According to industry data, by 2021, the United States will become the world's largest consumer of cosmetics, accounting for about 19.99% of the global market. . The US market is fertile ground, the cosmetics market is worth $100 billion. It is also my country's largest cosmetics export destination. It is the preferred overseas market for domestic enterprises and a must-see for cosmetics manufacturers. Strengthen the supervision of the cosmetics industry to protect the rights and interests of consumers.
Cosmetics Modernization Act ( as part of the Omnibus Act 2023. Museum of Modern Art & #41. Enacted on December 29, 2022, this is a major overhaul of FDA's current regulatory framework for cosmetics.
MoCRA amends the Federal Food, Drug, and Cosmetic Act. French Ministry of Defense 41. Chapter V includes new provisions for cosmetics. These rules give FDA important new powers and strengthen FDA's regulation of cosmetics for the first time since the FDCA was enacted in 1938. Although the new regulations do not include post-launch approval requirements for cosmetic products, compared with the previous ones, the new regulations impose some new obligations on the cosmetics industry.
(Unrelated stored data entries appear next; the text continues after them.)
lemma chain_recurrent_inv_limit_iff:
  "x \<in> chain_recurrent prod_dist Xlim flim \<longleftrightarrow>
    x \<in> Xlim \<and> (\<forall>n. x n \<in> chain_recurrent dist (X n) (f n))"
proof (cases "x \<in> Xlim")
  case True
  then have "x n \<in> X n" for n by (simp add: inv_limit_def)
  with chain_to_inv_limit_iff[OF True True] True show ?thesis by (simp add: chain_recurrent_def)
qed (simp add: chain_recurrent_def)

lemma chain_equiv_inv_limit_iff:
  "chain_equiv prod_dist Xlim flim x y \<longleftrightarrow>
    x \<in> Xlim \<and> y \<in> Xlim \<and> (\<forall>n. chain_equiv dist (X n) (f n) (x n) (y n))"
proof (cases "x \<in> Xlim \<and> y \<in> Xlim")
  case True
  then show ?thesis
    using chain_to_inv_limit_iff[of x y] chain_to_inv_limit_iff[of y x]
    unfolding chain_equiv_def chain_recurrent_inv_limit_iff by auto
qed (auto simp: chain_equiv_def chain_recurrent_inv_limit_iff)

lemma thread_set_chain_component:
  assumes "w \<in> chain_recurrent prod_dist Xlim flim"
  shows "thread_set X p (\<lambda>n. {z. chain_equiv dist (X n) (f n) (w n) z}) =
    {z. chain_equiv prod_dist Xlim flim w z}"
  using assms unfolding thread_set_def chain_equiv_inv_limit_iff chain_recurrent_inv_limit_iff
  by auto

lemma chain_components_compatible:
  assumes "w \<in> chain_recurrent prod_dist Xlim flim"
  shows "(\<lambda>n. {z. chain_equiv dist (X n) (f n) (w n) z}) \<in> compatible_components X f p"
proof -
  have w: "w \<in> Xlim" "\<And>n. w n \<in> chain_recurrent dist (X n) (f n)"
    using assms chain_recurrent_inv_limit_iff by auto
  have "chain_equiv dist (X n) (f n) (w n) (p n b)"
    if "chain_equiv dist (X (Suc n)) (f (Suc n)) (w (Suc n)) b" for n b
  proof -
    have "chain_equiv dist (X n) (f n) (p n (w (Suc n))) (p n b)"
      using chain_equiv_image[OF compact_uniformly_continuous[OF continuous_p compact_X]
          p_maps f_maps f_p_commute that] .
    then show ?thesis using w(1) by (simp add: inv_limit_def)
  qed
  then show ?thesis
    unfolding compatible_components_def chain_components_def using w(2) by blast
qed

lemma compatible_components_at_thread:
  assumes "C \<in> compatible_components X f p" "w \<in> thread_set X p C"
  shows "C = (\<lambda>n. {z. chain_equiv dist (X n) (f n) (w n) z})"
    and "w \<in> chain_recurrent prod_dist Xlim flim"
proof -
  have C: "C n \<in> chain_components dist (X n) (f n)" "w n \<in> C n" for n
    using assms unfolding compatible_components_def thread_set_def by auto
  show "C = (\<lambda>n. {z. chain_equiv dist (X n) (f n) (w n) z})"
    by (rule ext) (rule chain_component_eq[OF C])
  show "w \<in> chain_recurrent prod_dist Xlim flim"
    using chain_components_subset[OF C(1)] C(2) assms(2) chain_recurrent_inv_limit_iff
    unfolding thread_set_def by blast
qed

lemma thread_set_nonempty:
  assumes "C \<in> compatible_components X f p"
  obtains w where "w \<in> thread_set X p C"
proof -
  have comp: "C n \<in> chain_components dist (X n) (f n)" and maps: "p n ` C (Suc n) \<subseteq> C n" for n
    using assms unfolding compatible_components_def by auto
  have sub: "C n \<subseteq> X n" for n
    using chain_components_subset[OF comp] unfolding chain_recurrent_def by blast
  have "compact (X n \<inter> C n)" for n
    using compact_X closed_chain_component[OF compact_imp_closed[OF compact_X] continuous_f comp]
    by (rule compact_Int_closed)
  then have compact: "compact (C n)" for n using sub by (simp add: Int_absorb1)
  have cont: "continuous_on (C (Suc n)) (p n)" for n
    using continuous_on_subset[OF continuous_p sub] .
  define a where "a m = (SOME c. c \<in> C m)" for m
  have a: "a m \<in> C m" for m using chain_components_nonempty[OF comp] by (simp add: a_def some_in_eq)
  obtain r w where "strict_mono r" "w \<in> inv_limit C p"
    "\<And>j. (\<lambda>m. bond p j (r m) (a (r m))) \<longlonglongrightarrow> w j"
    using inv_limit_limit_of_bonds[of C p a, OF compact cont maps a] by blast
  then have "w \<in> thread_set X p C" using sub unfolding inv_limit_def thread_set_def by auto
  then show ?thesis by (rule that)
qed

end

theorem lemma3p2:
  fixes X :: "nat \<Rightarrow> 'a::metric_space set"
    and f p :: "nat \<Rightarrow> 'a \<Rightarrow> 'a"
  assumes "\<And>n. compact (X n)"
    and "\<And>n. continuous_on (X n) (f n)"
    and "\<And>n. f n ` X n \<subseteq> X n"
    and "\<And>n. continuous_on (X (Suc n)) (p n)"
    and "\<And>n. p n ` X (Suc n) \<subseteq> X n"
    and "\<And>n x. x \<in> X (Suc n) \<Longrightarrow> f n (p n x) = p n (f (Suc n) x)"
  shows "chain_components prod_dist (inv_limit X p) (induced_map f) =
         {thread_set X p C | C. C \<in> compatible_components X f p}"
proof -
  interpret equivariant_inverse_sequence X f p
    by unfold_locales (fact assms)+
  show ?thesis
  proof (intro equalityI subsetI)
    fix K assume "K \<in> chain_components prod_dist Xlim flim"
    then obtain w where "w \<in> chain_recurrent prod_dist Xlim flim"
      and "K = {z. chain_equiv prod_dist Xlim flim w z}"
      unfolding chain_components_def by blast
    then show "K \<in> {thread_set X p C | C. C \<in> compatible_components X f p}"
      using thread_set_chain_component chain_components_compatible by blast
  next
    fix K assume "K \<in> {thread_set X p C | C. C \<in> compatible_components X f p}"
    then obtain C where C: "C \<in> compatible_components X f p" and K: "K = thread_set X p C"
      by blast
    obtain w where "w \<in> thread_set X p C" using thread_set_nonempty[OF C] .
    then have "C = (\<lambda>n. {z. chain_equiv dist (X n) (f n) (w n) z})"
      and w: "w \<in> chain_recurrent prod_dist Xlim flim"
      using compatible_components_at_thread[OF C] by auto
    then have "K = {z. chain_equiv prod_dist Xlim flim w z}"
      using K thread_set_chain_component by simp
    then show "K \<in> chain_components prod_dist Xlim flim"
      unfolding chain_components_def using w by blast
  qed
qed

end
Owners and operators of cosmetic manufacturing or processing facilities must now register with FDA and renew their registration every two years. . Notably, unlike the requirements for food and dietary supplement manufacturers, manufacturer facilities that conduct activities solely related to cosmetic labeling, relabelling, packaging, repackaging, possession, and/or distribution do not need to register.
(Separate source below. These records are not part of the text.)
lemma hyp1F2_zero [simp]: "hyp1F2 a b c 0 = 1"
  using powser_zero[of "\<lambda>k. pochhammer a k / (fact k * pochhammer b k * pochhammer c k)"]
  by (simp add: hyp1F2_def)

lemma hyp1F2_one_left: "hyp1F2 1 b c z = (\<Sum>k. z ^ k / (pochhammer b k * pochhammer c k))"
  by (simp add: hyp1F2_def flip: pochhammer_fact)

lemma fact_double_Suc_pochhammer:
  "fact (2 * Suc k) = (2 :: real) * 4 ^ k * pochhammer (3/2) k * pochhammer 2 k"
proof -
  have "fact (2 * Suc k) = pochhammer (1::real) 2 * pochhammer 3 (2 * k)"
    using pochhammer_product'[of "1::real" 2 "2 * k"] by (simp add: pochhammer_fact)
  moreover have "pochhammer (1::real) 2 = 2"
    by (simp add: numeral_2_eq_2 pochhammer_Suc)
  ultimately show ?thesis
    using pochhammer_double[of "3/2::real" k] by (simp add: power_mult)
qed

lemma hyp1F2_one_three_halves_two:
  fixes z :: real
  assumes "z \<noteq> 0"
  shows "hyp1F2 1 (3/2) 2 (- (z^2) / 4) = 2 * (1 - cos z) / z^2"
proof -
  have summand: "(- (z^2) / 4) ^ k / (pochhammer (3/2) k * pochhammer 2 k)
      = - 2 / z^2 * ((- 1) ^ Suc k / fact (2 * Suc k) * z ^ (2 * Suc k))" for k
  proof -
    have "z ^ (2 * Suc k) = z^2 * (z^2) ^ k"
      by (simp only: power_mult power_Suc)
    moreover have "(- (z^2) / 4) ^ k = (- 1) ^ k * (z^2) ^ k / 4 ^ k"
      by (simp add: power_divide power_minus')
    ultimately show ?thesis
      unfolding fact_double_Suc_pochhammer
      using assms pochhammer_pos[of "3/2::real" k] pochhammer_pos[of "2::real" k]
      by (simp add: field_simps)
  qed
  have "(\<lambda>k. (- 1) ^ Suc k / fact (2 * Suc k) * z ^ (2 * Suc k)) sums (cos z - 1)"
    using cos_paired[of z] by (subst sums_Suc_iff) simp
  from sums_mult[OF this, of "- 2 / z^2"] show ?thesis
    unfolding hyp1F2_one_left summand using assms by (simp add: sums_iff field_simps)
qed

lemma hyp1F2_one_three_halves_two_negE:
  fixes w :: real
  assumes "w < 0"
  obtains z where "0 < z" "z^2 = 4 * - w" "hyp1F2 1 (3/2) 2 w = 2 * (1 - cos z) / z^2"
proof
  let ?z = "2 * sqrt (- w)"
  show "0 < ?z" "?z^2 = 4 * - w"
    using assms by (simp_all add: power_mult_distrib)
  then show "hyp1F2 1 (3/2) 2 w = 2 * (1 - cos ?z) / ?z^2"
    using hyp1F2_one_three_halves_two[of ?z] by simp
qed
(* In the setting below, for every $w\in W_M^Q$, \[ (\chi^M_w-\chi^H_w)(x_Q) = |I_w^M\le s|. \]
   Context: Fix $1\le k\le s<r$. Let $\epsilon_1,\ldots,\epsilon_r$ be an orthonormal basis of a real/complex weight space $\mathfrak{h}^*$, $\epsilon_1^*,\ldots,\epsilon_r^*$ the dual basis of $\mathfrak{h}$. $M=\mathrm{Sp}(2s)\times\mathrm{Sp}(2(r-s))$ has positive roots $R_M^+$: $\epsilon_i\pm\epsilon_j$ ($1\le i<j\le s$), $2\epsilon_i$ ($1\le i\le s$), and $\epsilon_i\pm\epsilon_j$ ($s<i<j\le r$), $2\epsilon_i$ ($s<i\le r$). $H=\mathrm{SO}(2s+1)\times\mathrm{Sp}(2(r-s))$ has the same weight space, positive roots $R^+_H$: $\epsilon_i\pm\epsilon_j$ ($1\le i<j\le s$), $\epsilon_i$ ($1\le i\le s$), and the same second-factor roots as $M$. $M$ and $H$ share the Weyl group $W_M$. $Q$ is the maximal parabolic of $M$ associated to omitting the simple root $\epsilon_k-\epsilon_{k+1}$ of the first factor (so $M/Q\cong\mathrm{IG}(k,2s)$), $Q^H$ the corresponding parabolic of $H$, and $W_M^Q$ the minimal length coset representatives (the same for $Q$ and $Q^H$). $x_Q=\sum_{i=1}^k\epsilon_i^*$. $\chi^M_w=\sum_{\beta\in(R^+_M\setminus R^+_{L})\cap w^{-1}R^+_M}\beta$ with $R^+_L$ the positive roots of the Levi of $Q$, and $\chi^H_w$ defined likewise with $R^+_H$ and the Levi of $Q^H$. $I^M_w\subseteq\{1,\ldots,2s\}$ is the $k$-subset indexing the Schubert cell $C^M_w$ of $\mathrm{IG}(k,2s)$ relative to the standard isotropic flag of $\mathbb{C}^{2s}$ with ordered basis $e_1,\ldots,e_s,e_s',\ldots,e_1'$ (the cell being $\{W:\dim(W\cap F_j)=|\{i\in I^M_w:i\le j\}|\ \forall j\}$), and $|I\le s|$ is the number of elements of $I$ that are $\le s$. *)

theory Defs
  imports Main "HOL-Library.Function_Algebras"
begin

text \<open>Weights are integer coordinate vectors: a weight lambda = sum_i lambda_i eps_i
  is represented by the function i -> lambda_i (only indices 1..r are used).\<close>

definition eps :: "nat \<Rightarrow> nat \<Rightarrow> int" where
  "eps i = (\<lambda>j. if j = i then 1 else 0)"

definition typeC_pos :: "nat \<Rightarrow> nat \<Rightarrow> (nat \<Rightarrow> int) set" where
  "typeC_pos a b =
     {eps i - eps j | i j. a < i \<and> i < j \<and> j \<le> b}
   \<union> {eps i + eps j | i j. a < i \<and> i < j \<and> j \<le> b}
   \<union> {(\<lambda>l. 2 * eps i l) | i. a < i \<and> i \<le> b}"

definition typeB_pos :: "nat \<Rightarrow> nat \<Rightarrow> (nat \<Rightarrow> int) set" where
  "typeB_pos a b =
     {eps i - eps j | i j. a < i \<and> i < j \<and> j \<le> b}
   \<union> {eps i + eps j | i j. a < i \<and> i < j \<and> j \<le> b}
   \<union> {eps i | i. a < i \<and> i \<le> b}"

definition typeA_pos :: "nat \<Rightarrow> nat \<Rightarrow> (nat \<Rightarrow> int) set" where
  "typeA_pos a b = {eps i - eps j | i j. a < i \<and> i < j \<and> j \<le> b}"

text \<open>R_M^+ for M = Sp(2s) x Sp(2(r-s)), R_H^+ for H = SO(2s+1) x Sp(2(r-s)).\<close>
definition RM :: "nat \<Rightarrow> nat \<Rightarrow> (nat \<Rightarrow> int) set" where
  "RM s r = typeC_pos 0 s \<union> typeC_pos s r"

definition RH :: "nat \<Rightarrow> nat \<Rightarrow> (nat \<Rightarrow> int) set" where
  "RH s r = typeB_pos 0 s \<union> typeC_pos s r"

text \<open>Positive roots of the Levi of Q (GL(k) x Sp(2(s-k)) x Sp(2(r-s))) and of
  the Levi of Q^H (GL(k) x SO(2(s-k)+1) x Sp(2(r-s))).\<close>
definition RL :: "nat \<Rightarrow> nat \<Rightarrow> nat \<Rightarrow> (nat \<Rightarrow> int) set" where
  "RL k s r = typeA_pos 0 k \<union> typeC_pos k s \<union> typeC_pos s r"

definition RLH :: "nat \<Rightarrow> nat \<Rightarrow> nat \<Rightarrow> (nat \<Rightarrow> int) set" where
  "RLH k s r = typeA_pos 0 k \<union> typeB_pos k s \<union> typeC_pos s r"

text \<open>The Weyl group W_M: signed permutations of {1..r} preserving the blocks
  {1..s} and {s+1..r}. An element w is encoded by f :: nat => int with
  w(eps_i) = sgn(f i) eps_|f i| for 1 <= i <= r, and f i = 0 otherwise.\<close>
definition WM :: "nat \<Rightarrow> nat \<Rightarrow> (nat \<Rightarrow> int) set" where
  "WM s r = {f. (\<forall>i. i \<notin> {1..r} \<longrightarrow> f i = 0)
     \<and> (\<forall>i\<in>{1..r}. f i \<noteq> 0 \<and> nat \<bar>f i\<bar> \<in> {1..r} \<and> (i \<le> s \<longleftrightarrow> nat \<bar>f i\<bar> \<le> s))
     \<and> inj_on (\<lambda>i. nat \<bar>f i\<bar>) {1..r}}"

definition act :: "nat \<Rightarrow> (nat \<Rightarrow> int) \<Rightarrow> (nat \<Rightarrow> int) \<Rightarrow> (nat \<Rightarrow> int)" where
  "act r f lam = (\<lambda>j. \<Sum>i\<in>{1..r}. if nat \<bar>f i\<bar> = j then sgn (f i) * lam i else 0)"

definition comp :: "nat \<Rightarrow> (nat \<Rightarrow> int) \<Rightarrow> (nat \<Rightarrow> int) \<Rightarrow> (nat \<Rightarrow> int)" where
  "comp r w u = (\<lambda>i. if i \<in> {1..r} then sgn (u i) * w (nat \<bar>u i\<bar>) else 0)"

text \<open>Weyl group of the Levi of Q: S_k x W(C_{s-k}) x W(C_{r-s}).\<close>
definition WL :: "nat \<Rightarrow> nat \<Rightarrow> nat \<Rightarrow> (nat \<Rightarrow> int) set" where
  "WL k s r = {u \<in> WM s r. \<forall>i\<in>{1..k}. 0 < u i \<and> u i \<le> int k}"

definition lenM :: "nat \<Rightarrow> nat \<Rightarrow> (nat \<Rightarrow> int) \<Rightarrow> nat" where
  "lenM s r w = card {\<alpha> \<in> RM s r. act r w \<alpha> \<notin> RM s r}"

definition WQ :: "nat \<Rightarrow> nat \<Rightarrow> nat \<Rightarrow> (nat \<Rightarrow> int) set" where
  "WQ k s r = {w \<in> WM s r. \<forall>u \<in> WL k s r. lenM s r w \<le> lenM s r (comp r w u)}"

definition chiM :: "nat \<Rightarrow> nat \<Rightarrow> nat \<Rightarrow> (nat \<Rightarrow> int) \<Rightarrow> (nat \<Rightarrow> int)" where
  "chiM k s r w = (\<Sum>\<beta> \<in> (RM s r - RL k s r) \<inter> {\<beta>. act r w \<beta> \<in> RM s r}. \<beta>)"

definition chiH :: "nat \<Rightarrow> nat \<Rightarrow> nat \<Rightarrow> (nat \<Rightarrow> int) \<Rightarrow> (nat \<Rightarrow> int)" where
  "chiH k s r w = (\<Sum>\<beta> \<in> (RH s r - RLH k s r) \<inter> {\<beta>. act r w \<beta> \<in> RH s r}. \<beta>)"

text \<open>Evaluation of a weight at x_Q = eps_1^* + ... + eps_k^*.\<close>
definition evxQ :: "nat \<Rightarrow> (nat \<Rightarrow> int) \<Rightarrow> int" where
  "evxQ k lam = (\<Sum>i\<in>{1..k}. lam i)"

text \<open>I_w^M: positions (in the ordered basis e_1..e_s,e_s'..e_1', e_j' at position
  2s+1-j) of the basis vectors w(e_1),...,w(e_k) spanning the T-fixed point w Q of
  the Schubert cell C_w = B w Q / Q.\<close>
definition IM :: "nat \<Rightarrow> nat \<Rightarrow> (nat \<Rightarrow> int) \<Rightarrow> nat set" where
  "IM k s w = (\<lambda>i. if 0 < w i then nat (w i) else 2 * s + 1 - nat \<bar>w i\<bar>) ` {1..k}"

end

theory Submission imports Defs begin

text \<open>Apart from the roots \<open>2\<epsilon>\<^sub>i\<close> of \<open>M\<close> and \<open>\<epsilon>\<^sub>i\<close> of \<open>H\<close> for \<open>i \<le> s\<close>,
  the two root systems and their Levi subsystems coincide. A common root is never sent by
  \<open>w\<close> to a multiple of a single \<open>\<epsilon>\<^sub>i\<close> with \<open>i \<le> s\<close>, so it contributes equally to
  \<open>\<chi>\<^sup>M\<^sub>w\<close> and \<open>\<chi>\<^sup>H\<^sub>w\<close>. The remaining contributions are \<open>2\<epsilon>\<^sub>i\<close>, resp. \<open>\<epsilon>\<^sub>i\<close>, for the
  \<open>i \<le> k\<close> with \<open>w(\<epsilon>\<^sub>i)\<close> positive, so the difference evaluates at \<open>x\<^sub>Q\<close> to the
  number of such \<open>i\<close>; these are exactly the indices giving elements \<open>\<le> s\<close> of \<open>I\<^sup>M\<^sub>w\<close>.\<close>

lemma sum_apply: "(\<Sum>a\<in>A. f a) x = (\<Sum>a\<in>A. f a x)"
  by (induction A rule: infinite_finite_induct) auto

definition pair_roots :: "nat \<Rightarrow> nat \<Rightarrow> (nat \<Rightarrow> int) set" where
  "pair_roots a b = {eps i - eps j | i j. a < i \<and> i < j \<and> j \<le> b}
     \<union> {eps i + eps j | i j. a < i \<and> i < j \<and> j \<le> b}"

definition long_roots :: "nat \<Rightarrow> nat \<Rightarrow> (nat \<Rightarrow> int) set" where
  "long_roots a b = (\<lambda>i l. 2 * eps i l) ` {a<..b}"

definition short_roots :: "nat \<Rightarrow> nat \<Rightarrow> (nat \<Rightarrow> int) set" where
  "short_roots a b = eps ` {a<..b}"

lemma typeC_pos_eq: "typeC_pos a b = pair_roots a b \<union> long_roots a b"
  unfolding typeC_pos_def pair_roots_def long_roots_def by auto

lemma typeB_pos_eq: "typeB_pos a b = pair_roots a b \<union> short_roots a b"
  unfolding typeB_pos_def pair_roots_def short_roots_def by auto

lemma typeA_pos_subset_pair_roots: "typeA_pos a b \<subseteq> pair_roots a b"
  unfolding typeA_pos_def pair_roots_def by blast

lemma pair_roots_mono: "a \<le> a' \<Longrightarrow> b' \<le> b \<Longrightarrow> pair_roots a' b' \<subseteq> pair_roots a b"
  unfolding pair_roots_def by fastforce

lemma finite_pair_roots: "finite (pair_roots a b)"
proof -
  have "pair_roots a b \<subseteq> (\<lambda>(i, j). eps i - eps j) ` ({..b} \<times> {..b})
      \<union> (\<lambda>(i, j). eps i + eps j) ` ({..b} \<times> {..b})"
    unfolding pair_roots_def by force
  then show ?thesis
    by (rule finite_subset) auto
qed

lemma inj_eps: "inj eps"
  by (rule injI) (metis eps_def zero_neq_one)

lemma inj_double_eps: "inj (\<lambda>i l. 2 * eps i l :: int)"
  by (rule injI) (metis eps_def mult_cancel_left zero_neq_numeral zero_neq_one)

lemma long_roots_diff: "a \<le> m \<Longrightarrow> m \<le> b \<Longrightarrow> long_roots a b - long_roots m b = long_roots a m"
  unfolding long_roots_def image_set_diff[OF inj_double_eps, symmetric]
  by (rule arg_cong[where f = "image _"]) auto

lemma short_roots_diff: "a \<le> m \<Longrightarrow> m \<le> b \<Longrightarrow> short_roots a b - short_roots m b = short_roots a m"
  unfolding short_roots_def image_set_diff[OF inj_eps, symmetric]
  by (rule arg_cong[where f = "image _"]) auto

lemma long_roots_mono: "a \<le> a' \<Longrightarrow> b' \<le> b \<Longrightarrow> long_roots a' b' \<subseteq> long_roots a b"
  unfolding long_roots_def by (rule image_mono) auto

lemma short_roots_mono: "a \<le> a' \<Longrightarrow> b' \<le> b \<Longrightarrow> short_roots a' b' \<subseteq> short_roots a b"
  unfolding short_roots_def by (rule image_mono) auto

definition on_first_axis :: "nat \<Rightarrow> (nat \<Rightarrow> int) \<Rightarrow> bool" where
  "on_first_axis s x \<longleftrightarrow> (\<exists>i\<in>{1..s}. \<forall>j. x j \<noteq> 0 \<longrightarrow> j = i)"

lemma first_block_roots_on_first_axis:
  "x \<in> long_roots 0 s \<union> short_roots 0 s \<Longrightarrow> on_first_axis s x"
  unfolding long_roots_def short_roots_def on_first_axis_def by (auto simp: eps_def)

definition common_roots :: "nat \<Rightarrow> nat \<Rightarrow> (nat \<Rightarrow> int) set" where
  "common_roots s r = pair_roots 0 s \<union> pair_roots s r \<union> long_roots s r"

definition common_levi_roots :: "nat \<Rightarrow> nat \<Rightarrow> nat \<Rightarrow> (nat \<Rightarrow> int) set" where
  "common_levi_roots k s r = typeA_pos 0 k \<union> pair_roots k s \<union> pair_roots s r \<union> long_roots s r"

lemma finite_common_roots: "finite (common_roots s r)"
  unfolding common_roots_def long_roots_def using finite_pair_roots by blast

lemma common_rootsE:
  assumes "x \<in> common_roots s r" "s \<le> r"
  obtains (pair) i j where "0 < i" "i < j" "j \<le> r" "x = eps i - eps j \<or> x = eps i + eps j"
    | (long) i where "s < i" "i \<le> r" "x = (\<lambda>l. 2 * eps i l)"
proof -
  from assms(1) consider "x \<in> pair_roots 0 s \<union> pair_roots s r" | "x \<in> long_roots s r"
    unfolding common_roots_def by blast
  then show thesis
  proof cases
    case 1
    then have "x \<in> pair_roots 0 r"
      using pair_roots_mono[of 0 0 s r] pair_roots_mono[of 0 s r r] assms(2) by auto
    then show thesis
      unfolding pair_roots_def using pair by blast
  next
    case 2
    then show thesis
      unfolding long_roots_def using long by auto
  qed
qed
A "responsible person" (such as the cosmetic manufacturer, packer, or distributor whose name appears on the label) must list each of its cosmetic products with FDA, including the contact information of a person who can receive adverse event reports.
Mandatory adverse event reporting.
The responsible person is obliged to submit a serious adverse event report to FDA within 15 days of receiving the serious adverse event feedback and to keep all records related to the serious adverse event for at least 6 years, similar to the adverse event reporting requirements for dietary supplements and over-the-counter drugs. Unlike other products regulated by the FDA, for cosmetic products, MocRA provides specific details of what constitutes a reported event, including an infection or a "major defect" such as "severe and persistent rash, second- or third-degree burns, severe hair loss, or Under normal conditions of use, there is a permanent or significant change in appearance than expected
Responsible persons will be required to keep records to support "sufficient evidence" of the cosmetics' safety. Cosmetics without adequate safety certification will be considered adulterated under the FDCA's new adulteration testing standards.
Current Good Manufacturing Practices for Cosmetics
The FDA has issued mandatory current good manufacturing practices for cosmetics (. GMP & #41. Regulations comply with national and international standards.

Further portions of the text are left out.